PROBLEM TO WORK ON: Filter the data below, keeping only lines that contain "subseteq".

** DATA IN THIS EXERCISE follows **

(* Let $\ell, s \in \mathbb{N}$ with $1\le s \leq \ell$, let $f,\Lambda,G,R,\Omega$ be as in the context, and let $\tau \in \mathbb{N}$ with $\tau \ge \deg_{\mathcal{H}}(\Lambda)$. Define $\Lambda_i := \Lambda^{s-i}\Omega^i$ for $i=0,\dots,s-1$ and $\Psi_t := \Lambda^s f^t$ for $t=1,\dots,\ell$. Then the vector $(\Lambda_0,\dots,\Lambda_{s-1},\Psi_1,\dots,\Psi_\ell)\in\mathcal{R}^{s+\ell}$ satisfies the conditions $$\sum_{i=0}^{s-1}\Lambda_i A_{t,i} \equiv \Psi_t \mod G_t \ \ (t=1,\dots,\ell),\qquad \deg_{\mathcal{H}}(\Lambda_i)\le s\tau+i(2g-1)\ \ (i=0,\dots,s-1),\qquad \deg_{\mathcal{H}}(\Psi_t)\le s\tau+tm\ \ (t=1,\dots,\ell),$$ where the congruences are in $\mathcal{R}$ (the difference lies in the ideal $G_t\mathcal{R}$).
   Context: Let $q$ be a prime power and $\mathbb{F}_{q^2}$ the field with $q^2$ elements. The Hermitian curve $\mathcal{H}/\mathbb{F}_{q^2}$ is the smooth projective plane curve with affine equation $Y^q+Y=X^{q+1}$; it has genus $g=\tfrac12 q(q-1)$ and $q^3+1$ rational points $P_1,\dots,P_{q^3},P_\infty$, where $P_\infty$ is the point at infinity and $P_1,\dots,P_{q^3}$ are the affine rational points. Let $\mathcal{R} = \bigcup_{m\ge 0}\mathcal{L}(mP_\infty) = \mathbb{F}_{q^2}[X,Y]/(Y^q+Y-X^{q+1})$, which has $\mathbb{F}_{q^2}$-basis $\{X^iY^j : i\ge 0,\ 0\le j<q\}$, and let $\deg_{\mathcal{H}}(h) = -v_{P_\infty}(h)$ (so $\deg_{\mathcal{H}}(X^iY^j) = iq+j(q+1)$, $\deg_{\mathcal{H}}(0)=-\infty$). Let $n=q^3$ and $m\in\mathbb{N}$ with $2(g-1)<m<n$. Let $f \in \mathcal{L}(mP_\infty)$ (so $\deg_{\mathcal{H}} f \le m$), $\mathbf{c}=(f(P_1),\dots,f(P_n))$, $\mathbf{e}\in\mathbb{F}_{q^2}^n$, received word $\mathbf{r} = \mathbf{c}+\mathbf{e}$, and error positions $\mathcal{E}=\{i : e_i\neq 0\}$. An error locator is a nonzero $\Lambda \in \mathcal{R}$ with $\Lambda(P_i)=0$ for all $i\in\mathcal{E}$; fix one. Let $R\in\mathcal{R}$ with $\deg_{\mathcal{H}}(R) < n+2g$ and $R(P_i)=r_i$ for $i=1,\dots,n$. Let $G = X^{q^2}-X\in\mathcal{R}$ (so $\deg_{\mathcal{H}} G = n$). Let $\Omega\in\mathcal{R}$ be the unique element with $\Omega G = \Lambda(f-R)$. For $t=1,\dots,\ell$ and $i=0,\dots,s-1$ set $A_{t,i} := \binom{t}{i}R^{t-i}G^i$ (which is $0$ if $i>t$), and $$G_t := X^{\lfloor (t(n+2g-1)+\tau)/q\rfloor+1} \text{ for } t=1,\dots,s-1,\qquad G_t := G^s \text{ for } t=s,\dots,\ell.$$ *)

theory Defs
  imports "HOL-Computational_Algebra.Polynomial" "HOL-Computational_Algebra.Primes"
    "HOL-Library.Extended_Real"
begin

text \<open>Elements of the coordinate ring R = F[X,Y]/(Y^q+Y-X^(q+1)) of the Hermitian curve are
  represented by bivariate polynomials of type 'a poly poly: the outer variable is Y,
  the inner (coefficient) variable is X.\<close>

definition hX :: "'a::comm_ring_1 poly poly" where
  "hX = [:[:0, 1:]:]"

definition hY :: "'a::comm_ring_1 poly poly" where
  "hY = [:0, 1:]"

definition herm_poly :: "nat \<Rightarrow> 'a::comm_ring_1 poly poly" where
  "herm_poly q = hY ^ q + hY - hX ^ (q + 1)"

definition herm_eq :: "nat \<Rightarrow> 'a::comm_ring_1 poly poly \<Rightarrow> 'a poly poly \<Rightarrow> bool" where
  "herm_eq q a b \<longleftrightarrow> herm_poly q dvd (a - b)"
lemma card_tilings_containing:
  assumes tile: "is_tile a b t" and "t \<noteq> {}"
  shows "card {T \<in> tilings a b R. t \<in> T} = (if t \<subseteq> R then card (tilings a b (R - t)) else 0)"
proof (cases "t \<subseteq> R")
  case False
  then have "{T \<in> tilings a b R. t \<in> T} = {}" by (auto simp: tilings_def)
  with False show ?thesis by (simp only: card.empty if_False)
next
  case True
  have remove: "T - {t} \<in> tilings a b (R - t)" if "T \<in> tilings a b R" "t \<in> T" for T
  proof -
    have "disjnt s t" if "s \<in> T" "s \<noteq> t" for s
      using \<open>T \<in> tilings a b R\<close> \<open>t \<in> T\<close> that by (auto simp: tilings_def pairwise_def)
    then have "\<Union>(T - {t}) = R - t"
      using that by (auto simp: tilings_def disjnt_def)
    then show ?thesis using that by (auto simp: tilings_def pairwise_def)
  qed
  have insert: "insert t T \<in> tilings a b R" "t \<notin> T" if "T \<in> tilings a b (R - t)" for T
  proof -
    have "disjnt s t" if "s \<in> T" for s
      using \<open>T \<in> tilings a b (R - t)\<close> that by (auto simp: tilings_def disjnt_def)
    then show "insert t T \<in> tilings a b R"
      using that tile True by (auto simp: tilings_def pairwise_insert disjnt_sym)
    show "t \<notin> T"
      using that \<open>t \<noteq> {}\<close> by (auto simp: tilings_def)
  qed
  have "bij_betw (\<lambda>T. T - {t}) {T \<in> tilings a b R. t \<in> T} (tilings a b (R - t))"
    by (rule bij_betw_byWitness[where f' = "insert t"]) (use remove insert in auto)
  with True show ?thesis by (simp add: bij_betw_same_card)
qed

** End of DATA IN THIS EXERCISE **

FINISHED EXERCISE:
  shows "card {T \<in> tilings a b R. t \<in> T} = (if t \<subseteq> R then card (tilings a b (R - t)) else 0)"
proof (cases "t \<subseteq> R")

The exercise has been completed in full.